The Trump administration on Monday announced that it is expanding expedited removal of undocumented immigrants who have been in the United States for less than two years.
The Department of Homeland Security, in a notice published in the Federal Register, says it will expand expedited removal nationwide to individuals who are inadmissible to the US under INA 212(a)(6)(C) or (7) and have lived in the country for less than two years.

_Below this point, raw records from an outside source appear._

(* Let $\rho:\mathbb{Z}\to[0,\infty)$ be a weight with finite moments, $f,g$ polynomials with $\deg f\le2$, $\deg g\le1$, $f(x+1)\rho(x+1)-f(x)\rho(x)=g(x)\rho(x)$ on $\mathbb{Z}$, and $\rho f$ vanishing at the end points of the support of $\rho$. Let $\{p_n\}$ be the monic orthogonal polynomials for $\rho$ with $\sum_xp_mp_n\rho=h_n\delta_{nm}$, $h_n>0$; let $\mathcal{A}_{\rm l}=g(x)T+f(x)(\Delta+\nabla)$, $c_n:=-\sum_xp_{n+1}(x)(\mathcal{A}_{\rm l}p_n)(x)\rho(x)$, $\omega(x)=f(x+1)\rho(x+1)$, and assume the Pfaffians $\mathrm{Pf}[\sum_x(x^i(x+1)^j-(x+1)^ix^j)\omega(x)]_{i,j=0}^{2n-1}$ are nonzero for all $n\ge1$. Let $Q_{2n+1}=p_{2n+1}$, $Q_{2n}=\sum_{l=0}^n\big(\prod_{j=l}^{n-1}c_{2j+1}/c_{2j}\big)p_{2l}$ and $u_n=c_{2n}$, and set $t_{2m,2m-2}:=-c_{2m-1}/c_{2m-2}$. Then for all $m\ge0$ (with $Q_{-2}=0$ in (3)): (1) $p_{2m+1}(x)=Q_{2m+1}(x)$; (2) $\frac{1}{u_m}\mathcal{A}_{\rm l}Q_{2m+1}(y)=\frac{p_{2m}(y)}{h_{2m}}+t_{2m+2,2m}\frac{p_{2m+2}(y)}{h_{2m+2}}$; (3) $p_{2m}(x)=Q_{2m}(x)+t_{2m,2m-2}Q_{2m-2}(x)$; (4) $\frac{1}{u_m}\mathcal{A}_{\rm l}Q_{2m}(y)=-\frac{p_{2m+1}(y)}{h_{2m+1}}$.
   Context: $T\phi(x)=\phi(x+1)$, $\Delta\phi(x)=\phi(x+1)-\phi(x)$, $\nabla\phi(x)=\phi(x)-\phi(x-1)$. The $Q_k$ are skew orthogonal for $\langle\phi,\psi\rangle_{s,\omega}=\sum_{x\in\mathbb{Z}}[\phi(x)\psi(x+1)-\phi(x+1)\psi(x)]\omega(x)$ with $\langle Q_{2n},Q_{2m+1}\rangle_{s,\omega}=u_n\delta_{nm}$. *)

theory Defs
  imports "HOL-Analysis.Analysis" "HOL-Computational_Algebra.Polynomial"
begin

definition Al :: "real poly \<Rightarrow> real poly \<Rightarrow> (real \<Rightarrow> real) \<Rightarrow> real \<Rightarrow> real" where
  "Al f g \<phi> x = poly g x * \<phi> (x + 1) + poly f x * ((\<phi> (x + 1) - \<phi> x) + (\<phi> x - \<phi> (x - 1)))"

definition pfaffian :: "nat \<Rightarrow> (nat \<Rightarrow> nat \<Rightarrow> real) \<Rightarrow> real" where
  "pfaffian n A = (\<Sum>\<sigma> | \<sigma> permutes {..<2*n}.
      of_int (sign \<sigma>) * (\<Prod>i<n. A (\<sigma> (2*i)) (\<sigma> (2*i+1)))) / (2 ^ n * fact n)"

end

theory Submission
  imports Defs
begin

text \<open>
  Summation by parts against Pearson's equation identifies \<open>\<langle>\<phi>, \<A>\<^sub>l \<psi>\<rangle>\<^sub>\<rho>\<close> with the
  skew form \<open>\<langle>\<phi>, \<psi>\<rangle>\<^sub>s\<^sub>,\<^sub>\<omega>\<close>, which is therefore antisymmetric. Since \<open>\<A>\<^sub>l\<close> raises
  degrees by at most one, orthogonality leaves just two terms in the expansion
  \<open>\<A>\<^sub>l p\<^sub>n = -c\<^sub>n/h\<^sub>n\<^sub>+\<^sub>1 p\<^sub>n\<^sub>+\<^sub>1 + c\<^sub>n\<^sub>-\<^sub>1/h\<^sub>n\<^sub>-\<^sub>1 p\<^sub>n\<^sub>-\<^sub>1\<close>.
  If \<open>c\<^sub>2\<^sub>m\<close> vanished, \<open>p\<^sub>2\<^sub>m\<^sub>+\<^sub>1\<close> would be skew-orthogonal to all polynomials of degree
  at most \<open>2m + 1\<close> and the moment Pfaffian of order \<open>m + 1\<close> would vanish. So \<open>c\<^sub>2\<^sub>m \<noteq> 0\<close>,
  and the four identities follow from the three-term relation: the coefficients of \<open>Q\<^sub>2\<^sub>m\<close>
  are exactly those for which the odd terms of \<open>\<A>\<^sub>l Q\<^sub>2\<^sub>m\<close> telescope.
\<close>

definition shift_poly :: "'a::comm_ring_1 \<Rightarrow> 'a poly \<Rightarrow> 'a poly" where
  "shift_poly a q = q \<circ>\<^sub>p [:a, 1:]"

lemma poly_shift_poly [simp]: "poly (shift_poly a q) x = poly q (a + x)"
  by (simp add: shift_poly_def poly_pcompose)

lemma shift_poly_add: "shift_poly a (q + r) = shift_poly a q + shift_poly a r"
  by (simp add: shift_poly_def pcompose_add)

lemma shift_poly_smult: "shift_poly a (smult c q) = smult c (shift_poly a q)"
  by (simp add: shift_poly_def pcompose_smult)

lemma degree_shift_poly [simp]: "degree (shift_poly a (q :: 'a::idom poly)) = degree q"
  by (simp add: shift_poly_def degree_pcompose)

lemma lead_coeff_shift_poly [simp]: "lead_coeff (shift_poly a (q :: 'a::idom poly)) = lead_coeff q"
proof (cases "degree q = 0")
  case True
  then show ?thesis by (metis degree_0_id pcompose_const shift_poly_def)
next
  case False
  then show ?thesis by (simp add: shift_poly_def lead_coeff_comp)
qed

lemma degree_central_difference_less:
  fixes q :: "'a::idom poly"
  assumes "shift_poly 1 q - shift_poly (-1) q \<noteq> 0"
  shows "degree (shift_poly 1 q - shift_poly (-1) q) < degree q"
proof -
  let ?d = "shift_poly 1 q - shift_poly (-1) q"
  have "degree ?d \<le> degree q"
    using degree_diff_le[of "shift_poly 1 q" "degree q" "shift_poly (-1) q"] by simp
  moreover have "coeff ?d (degree q) = 0"
    using lead_coeff_shift_poly[of 1 q] lead_coeff_shift_poly[of "-1" q] by simp
  ultimately show ?thesis using assms by (metis le_neq_implies_less leading_coeff_0_iff)
qed

definition Al_poly :: "real poly \<Rightarrow> real poly \<Rightarrow> real poly \<Rightarrow> real poly" where
  "Al_poly f g q = g * shift_poly 1 q + f * (shift_poly 1 q - shift_poly (-1) q)"

lemma Al_poly_eval: "Al f g (poly q) x = poly (Al_poly f g q) x"
proof -
  have "x - 1 = -1 + x" by simp
  then show ?thesis by (simp add: Al_def Al_poly_def algebra_simps)
qed

lemma Al_poly_add: "Al_poly f g (q + r) = Al_poly f g q + Al_poly f g r"
  by (simp add: Al_poly_def shift_poly_add algebra_simps)

lemma Al_poly_smult: "Al_poly f g (smult c q) = smult c (Al_poly f g q)"
  by (simp add: Al_poly_def shift_poly_smult algebra_simps smult_add_right smult_diff_right)

lemma Al_poly_0 [simp]: "Al_poly f g 0 = 0"
  by (simp add: Al_poly_def shift_poly_def)

lemma degree_Al_poly:
  assumes "degree f \<le> 2" "degree g \<le> 1"
  shows "degree (Al_poly f g q) \<le> degree q + 1"
proof -
  let ?d = "shift_poly 1 q - shift_poly (-1) q"
  have "degree (g * shift_poly 1 q) \<le> degree q + 1"
    using degree_mult_le[of g "shift_poly 1 q"] assms by simp
  moreover have "degree (f * ?d) \<le> degree q + 1"
  proof (cases "?d = 0")
    case False
    then show ?thesis
      using degree_central_difference_less[of q] degree_mult_le[of f ?d] assms by linarith
  qed simp
  ultimately show ?thesis unfolding Al_poly_def by (rule degree_add_le)
qed

definition linear_form :: "(real poly \<Rightarrow> real) \<Rightarrow> bool" where
  "linear_form l \<longleftrightarrow> (\<forall>x y. l (x + y) = l x + l y) \<and> (\<forall>c x. l (smult c x) = c * l x)"

lemma linear_form_sum:
  assumes "linear_form l"
  shows "l (\<Sum>k\<in>K. smult (\<gamma> k) (\<psi> k)) = (\<Sum>k\<in>K. \<gamma> k * l (\<psi> k))"
proof -
  have "l 0 = 0" using assms unfolding linear_form_def by (metis mult_zero_left smult_0_left)
  then show ?thesis
    using assms unfolding linear_form_def by (induction K rule: infinite_finite_induct) simp_all
qed

lemma linear_form_cmult: "linear_form l \<Longrightarrow> linear_form (\<lambda>x. K * l x)"
  unfolding linear_form_def by (simp add: algebra_simps)

lemma linear_form_sum_forms:
  "(\<And>s. s \<in> S \<Longrightarrow> linear_form (F s)) \<Longrightarrow> linear_form (\<lambda>x. \<Sum>s\<in>S. F s x)"
  unfolding linear_form_def by (simp add: sum.distrib sum_distrib_left)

Expedited removal is a process for deporting certain non-citizens from the US without a court hearing before an immigration judge. Currently, expedited removal is only used to deport non-citizens inadmissible under INA §§212(a)(6)(C) and (a)(7), and only if the non-citizens are encountered within 100 miles of the US border and have not been physically present in the US continuously for 14 days. This includes only individuals without valid US entry documents, “who commit fraud or misrepresent a material fact to obtain admission, or who falsely claim U.S. citizenship. “
Under the new guidelines, the program will be extended to include non-citizens inadmissible under INA §§212(a)(6)(C) and (a)(7) who do not have proof of being physically in the US for at least two years, regardless of there Immigration and Customs Enforcement (ICE) or Customs and Border Protection (CBP) encounters them.
The American Civil Liberties Union (ACLU) and other civil and immigration rights groups have vowed to sue the administration to reverse this new guideline.